» **PROBLEM TO WORK ON**
Return every entry exactly. Leave nothing out.

BEGIN

lemma irreducible_mat_forward_closed:
  assumes "irreducible_mat W" "h \<in> G" "\<And>h k. 0 < W$h$k \<Longrightarrow> h \<in> G \<Longrightarrow> k \<in> G"
  shows "k \<in> G"
proof -
  have "(h, k) \<in> {(a, b). 0 < W$a$b}\<^sup>+"
    using assms(1) by (simp add: irreducible_mat_def)
  then show ?thesis
    by (induction rule: trancl_induct) (use assms(2,3) in auto)
qed

lemma irreducible_mat_backward_closed:
  assumes "irreducible_mat W" "k \<in> G" "\<And>h k. 0 < W$h$k \<Longrightarrow> k \<in> G \<Longrightarrow> h \<in> G"
  shows "h \<in> G"
  using irreducible_mat_forward_closed[OF assms(1), of h "- G" k] assms(2,3) by blast

lemma irreducible_mat_zero_propagates:
  fixes z :: "'h::finite \<Rightarrow> real"
  assumes "irreducible_mat W" "\<And>h k. 0 \<le> W$h$k" "\<And>k. 0 \<le> z k" "z k0 = 0"
    and "\<And>k. z k = 0 \<Longrightarrow> (\<Sum>m\<in>UNIV. W$k$m * z m) = 0"
  shows "z k = 0"
proof -
  have "k \<in> {k. z k = 0}"
  proof (rule irreducible_mat_forward_closed[OF assms(1)])
    show "k0 \<in> {k. z k = 0}" using assms(4) by simp
  next
    fix h k assume "0 < W$h$k" "h \<in> {k. z k = 0}"
    moreover have "\<forall>m\<in>UNIV. W$h$m * z m = 0"
      using assms(5)[of h] \<open>h \<in> {k. z k = 0}\<close>
      by (subst sum_nonneg_eq_0_iff[symmetric]) (auto intro: mult_nonneg_nonneg assms(2,3))
    ultimately have "W$h$k * z k = 0" "0 < W$h$k" by blast+
    then show "k \<in> {k. z k = 0}" by simp
  qed
  then show ?thesis by simp
qed

definition imitation_compatible :: "real^'a::finite^'a \<Rightarrow> real^'a \<Rightarrow> bool" where
  "imitation_compatible F R \<longleftrightarrow> (\<forall>i j. sgn (F$i$j - F$j$i) = sgn (R$j - R$i))"

lemma assumption1_imp_imitation_compatible:
  "assumption1 r f \<Longrightarrow> y \<in> pop_states \<Longrightarrow> imitation_compatible (f y) (r y)"
  by (simp add: assumption1_def imitation_compatible_def)

lemma imitation_compatible_less:
  assumes "imitation_compatible F R" "R$i < R$j"
  shows "F$j$i < F$i$j"
  using assms sgn_greater[of "F$i$j - F$j$i"] by (simp add: imitation_compatible_def)

lemma imitation_compatible_eq:
  assumes "imitation_compatible F R" "R$i = R$j"
  shows "F$i$j = F$j$i"
  using assms sgn_0_0[of "F$i$j - F$j$i"] by (simp add: imitation_compatible_def)

lemma imitation_compatible_le:
  assumes "imitation_compatible F R" "R$i \<le> R$j"
  shows "F$j$i \<le> F$i$j"
  using assms(2) imitation_compatible_less[OF assms(1), of i j]
    imitation_compatible_eq[OF assms(1), of i j]
  by (cases "R$i < R$j") auto

definition support_indifferent :: "real^'a::finite \<Rightarrow> real^'a \<Rightarrow> bool" where
  "support_indifferent R y \<longleftrightarrow> (\<forall>i j. 0 < y$i \<longrightarrow> 0 < y$j \<longrightarrow> R$i = R$j)"

lemma restricted_nash_pop_iff:
  "y \<in> restricted_nash_pop r \<longleftrightarrow> y \<in> pop_states \<and> support_indifferent (r y) y"
  by (auto simp: restricted_nash_pop_def support_indifferent_def)

definition neighbour_mass :: "real^'h::finite^'h \<Rightarrow> real^'h^'a::finite \<Rightarrow> 'a \<Rightarrow> 'h \<Rightarrow> real" where
  "neighbour_mass W x i h = (\<Sum>k\<in>UNIV. W$h$k * x$i$k)"

text \<open>The network imitation field with the imitation matrix frozen at \<open>F\<close>: only the
  value of \<open>f\<close> at the current population state matters for rest points.\<close>
definition imit_field :: "real^'h::finite^'h \<Rightarrow> real^'a::finite^'a \<Rightarrow> real^'h^'a \<Rightarrow> real^'h^'a" where
  "imit_field W F x = (\<chi> i h. (\<Sum>j\<in>UNIV. F$j$i * x$j$h) * neighbour_mass W x i h
                              - x$i$h * (\<Sum>j\<in>UNIV. F$i$j * neighbour_mass W x j h))"

lemma imit_field_nth:
  "imit_field W F x $ i $ h = (\<Sum>j\<in>UNIV. F$j$i * x$j$h * neighbour_mass W x i h
                                          - x$i$h * F$i$j * neighbour_mass W x j h)"
  by (simp add: imit_field_def sum_subtractf sum_distrib_left sum_distrib_right mult.assoc)

lemma imit_field_eq_0_iff:
  "imit_field W F x = 0 \<longleftrightarrow>
     (\<forall>i h. (\<Sum>j\<in>UNIV. F$j$i * x$j$h) * neighbour_mass W x i h
             = x$i$h * (\<Sum>j\<in>UNIV. F$i$j * neighbour_mass W x j h))"
  by (simp add: imit_field_def vec_eq_iff)

lemma net_imit_field_eq_imit_field: "net_imit_field W f x = imit_field W (f (pop_of x)) x"
  unfolding vec_eq_iff imit_field_nth
  by (simp add: net_imit_field_def neighbour_mass_def sum_subtractf sum_distrib_left mult_ac)

lemma pop_of_nth: "pop_of x $ i = (\<Sum>h\<in>UNIV. x$i$h)"
  by (simp add: pop_of_def matrix_vector_mult_def)

locale network_state =
  fixes \<eta> :: "real^'h::finite" and W :: "real^'h^'h" and x :: "real^'h^'a::finite"
  assumes network: "community_network \<eta> W" and state: "x \<in> sys_states \<eta>"
begin

abbreviation y :: "real^'a" where "y \<equiv> pop_of x"
abbreviation m :: "'a \<Rightarrow> 'h \<Rightarrow> real" where "m \<equiv> neighbour_mass W x"

lemma x_nonneg: "0 \<le> x$i$h"
  using state by (simp add: sys_states_def)

lemma x_column_sum: "(\<Sum>i\<in>UNIV. x$i$h) = \<eta>$h"
  using state by (simp add: sys_states_def)

lemma eta_pos: "0 < \<eta>$h" and eta_sum: "(\<Sum>h\<in>UNIV. \<eta>$h) = 1"
  and W_nonneg: "0 \<le> W$h$k" and W_diag_pos: "0 < W$h$h"
  using network by (auto simp: community_network_def)

lemma x_le_pop: "x$i$h \<le> y$i"
  unfolding pop_of_nth by (rule member_le_sum) (auto simp: x_nonneg)

lemma pop_nonneg: "0 \<le> y$i"
  unfolding pop_of_nth by (auto intro: sum_nonneg x_nonneg)

lemma pop_pos_iff: "0 < y$i \<longleftrightarrow> (\<exists>h. 0 < x$i$h)"
  using x_nonneg[of i] x_le_pop[of i]
  unfolding pop_of_nth by (metis less_le_trans not_less sum_nonpos)

lemma pop_in_pop_states: "y \<in> pop_states"
proof -
  have "(\<Sum>i\<in>UNIV. y$i) = (\<Sum>h\<in>UNIV. \<eta>$h)"
    unfolding pop_of_nth by (subst sum.swap) (simp add: x_column_sum)
  then show ?thesis using eta_sum pop_nonneg by (simp add: pop_states_def)
qed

END

» **EXERCISE SOLUTION**
lemma irreducible_mat_forward_closed:
  assumes "irreducible_mat W" "h \<in> G" "\<And>h k. 0 < W$h$k \<Longrightarrow> h \<in> G \<Longrightarrow> k \<in> G"
  shows "k \<in> G"
proof -
  have "(h, k) \<in> {(a, b). 0 < W$a$b}\<^sup>+"
    using assms(1) by (simp add: irreducible_mat_def)
  then show ?thesis
    by (induction rule: trancl_induct) (use assms(2,3) in auto)
qed

lemma irreducible_mat_backward_closed:
  assumes "irreducible_mat W" "k \<in> G" "\<And>h k. 0 < W$h$k \<Longrightarrow> k \<in> G \<Longrightarrow> h \<in> G"
  shows "h \<in> G"
  using irreducible_mat_forward_closed[OF assms(1), of h "- G" k] assms(2,3) by blast

lemma irreducible_mat_zero_propagates:
  fixes z :: "'h::finite \<Rightarrow> real"
  assumes "irreducible_mat W" "\<And>h k. 0 \<le> W$h$k" "\<And>k. 0 \<le> z k" "z k0 = 0"
    and "\<And>k. z k = 0 \<Longrightarrow> (\<Sum>m\<in>UNIV. W$k$m * z m) = 0"
  shows "z k = 0"
proof -
  have "k \<in> {k. z k = 0}"
  proof (rule irreducible_mat_forward_closed[OF assms(1)])
    show "k0 \<in> {k. z k = 0}" using assms(4) by simp
  next
    fix h k assume "0 < W$h$k" "h \<in> {k. z k = 0}"
    moreover have "\<forall>m\<in>UNIV. W$h$m * z m = 0"
      using assms(5)[of h] \<open>h \<in> {k. z k = 0}\<close>
      by (subst sum_nonneg_eq_0_iff[symmetric]) (auto intro: mult_nonneg_nonneg assms(2,3))
    ultimately have "W$h$k * z k = 0" "0 < W$h$k" by blast+
    then show "k \<in> {k. z k = 0}" by simp
  qed
  then show ?thesis by simp
qed

definition imitation_compatible :: "real^'a::finite^'a \<Rightarrow> real^'a \<Rightarrow> bool" where
  "imitation_compatible F R \<longleftrightarrow> (\<forall>i j. sgn (F$i$j - F$j$i) = sgn (R$j - R$i))"

lemma assumption1_imp_imitation_compatible:
  "assumption1 r f \<Longrightarrow> y \<in> pop_states \<Longrightarrow> imitation_compatible (f y) (r y)"
  by (simp add: assumption1_def imitation_compatible_def)

lemma imitation_compatible_less:
  assumes "imitation_compatible F R" "R$i < R$j"
  shows "F$j$i < F$i$j"
  using assms sgn_greater[of "F$i$j - F$j$i"] by (simp add: imitation_compatible_def)

lemma imitation_compatible_eq:
  assumes "imitation_compatible F R" "R$i = R$j"
  shows "F$i$j = F$j$i"
  using assms sgn_0_0[of "F$i$j - F$j$i"] by (simp add: imitation_compatible_def)

lemma imitation_compatible_le:
  assumes "imitation_compatible F R" "R$i \<le> R$j"
  shows "F$j$i \<le> F$i$j"
  using assms(2) imitation_compatible_less[OF assms(1), of i j]
    imitation_compatible_eq[OF assms(1), of i j]
  by (cases "R$i < R$j") auto

definition support_indifferent :: "real^'a::finite \<Rightarrow> real^'a \<Rightarrow> bool" where
  "support_indifferent R y \<longleftrightarrow> (\<forall>i j. 0 < y$i \<longrightarrow> 0 < y$j \<longrightarrow> R$i = R$j)"

lemma restricted_nash_pop_iff:
  "y \<in> restricted_nash_pop r \<longleftrightarrow> y \<in> pop_states \<and> support_indifferent (r y) y"
  by (auto simp: restricted_nash_pop_def support_indifferent_def)

definition neighbour_mass :: "real^'h::finite^'h \<Rightarrow> real^'h^'a::finite \<Rightarrow> 'a \<Rightarrow> 'h \<Rightarrow> real" where
  "neighbour_mass W x i h = (\<Sum>k\<in>UNIV. W$h$k * x$i$k)"

text \<open>The network imitation field with the imitation matrix frozen at \<open>F\<close>: only the
  value of \<open>f\<close> at the current population state matters for rest points.\<close>
definition imit_field :: "real^'h::finite^'h \<Rightarrow> real^'a::finite^'a \<Rightarrow> real^'h^'a \<Rightarrow> real^'h^'a" where
  "imit_field W F x = (\<chi> i h. (\<Sum>j\<in>UNIV. F$j$i * x$j$h) * neighbour_mass W x i h
                              - x$i$h * (\<Sum>j\<in>UNIV. F$i$j * neighbour_mass W x j h))"

lemma imit_field_nth:
  "imit_field W F x $ i $ h = (\<Sum>j\<in>UNIV. F$j$i * x$j$h * neighbour_mass W x i h
                                          - x$i$h * F$i$j * neighbour_mass W x j h)"
  by (simp add: imit_field_def sum_subtractf sum_distrib_left sum_distrib_right mult.assoc)

lemma imit_field_eq_0_iff:
  "imit_field W F x = 0 \<longleftrightarrow>
     (\<forall>i h. (\<Sum>j\<in>UNIV. F$j$i * x$j$h) * neighbour_mass W x i h
             = x$i$h * (\<Sum>j\<in>UNIV. F$i$j * neighbour_mass W x j h))"
  by (simp add: imit_field_def vec_eq_iff)

lemma net_imit_field_eq_imit_field: "net_imit_field W f x = imit_field W (f (pop_of x)) x"
  unfolding vec_eq_iff imit_field_nth
  by (simp add: net_imit_field_def neighbour_mass_def sum_subtractf sum_distrib_left mult_ac)

lemma pop_of_nth: "pop_of x $ i = (\<Sum>h\<in>UNIV. x$i$h)"
  by (simp add: pop_of_def matrix_vector_mult_def)

locale network_state =
  fixes \<eta> :: "real^'h::finite" and W :: "real^'h^'h" and x :: "real^'h^'a::finite"
  assumes network: "community_network \<eta> W" and state: "x \<in> sys_states \<eta>"
begin

abbreviation y :: "real^'a" where "y \<equiv> pop_of x"
abbreviation m :: "'a \<Rightarrow> 'h \<Rightarrow> real" where "m \<equiv> neighbour_mass W x"

lemma x_nonneg: "0 \<le> x$i$h"
  using state by (simp add: sys_states_def)

lemma x_column_sum: "(\<Sum>i\<in>UNIV. x$i$h) = \<eta>$h"
  using state by (simp add: sys_states_def)

lemma eta_pos: "0 < \<eta>$h" and eta_sum: "(\<Sum>h\<in>UNIV. \<eta>$h) = 1"
  and W_nonneg: "0 \<le> W$h$k" and W_diag_pos: "0 < W$h$h"
  using network by (auto simp: community_network_def)

lemma x_le_pop: "x$i$h \<le> y$i"
  unfolding pop_of_nth by (rule member_le_sum) (auto simp: x_nonneg)

lemma pop_nonneg: "0 \<le> y$i"
  unfolding pop_of_nth by (auto intro: sum_nonneg x_nonneg)

lemma pop_pos_iff: "0 < y$i \<longleftrightarrow> (\<exists>h. 0 < x$i$h)"
  using x_nonneg[of i] x_le_pop[of i]
  unfolding pop_of_nth by (metis less_le_trans not_less sum_nonpos)

lemma pop_in_pop_states: "y \<in> pop_states"
proof -
  have "(\<Sum>i\<in>UNIV. y$i) = (\<Sum>h\<in>UNIV. \<eta>$h)"
    unfolding pop_of_nth by (subst sum.swap) (simp add: x_column_sum)
  then show ?thesis using eta_sum pop_nonneg by (simp add: pop_states_def)
qed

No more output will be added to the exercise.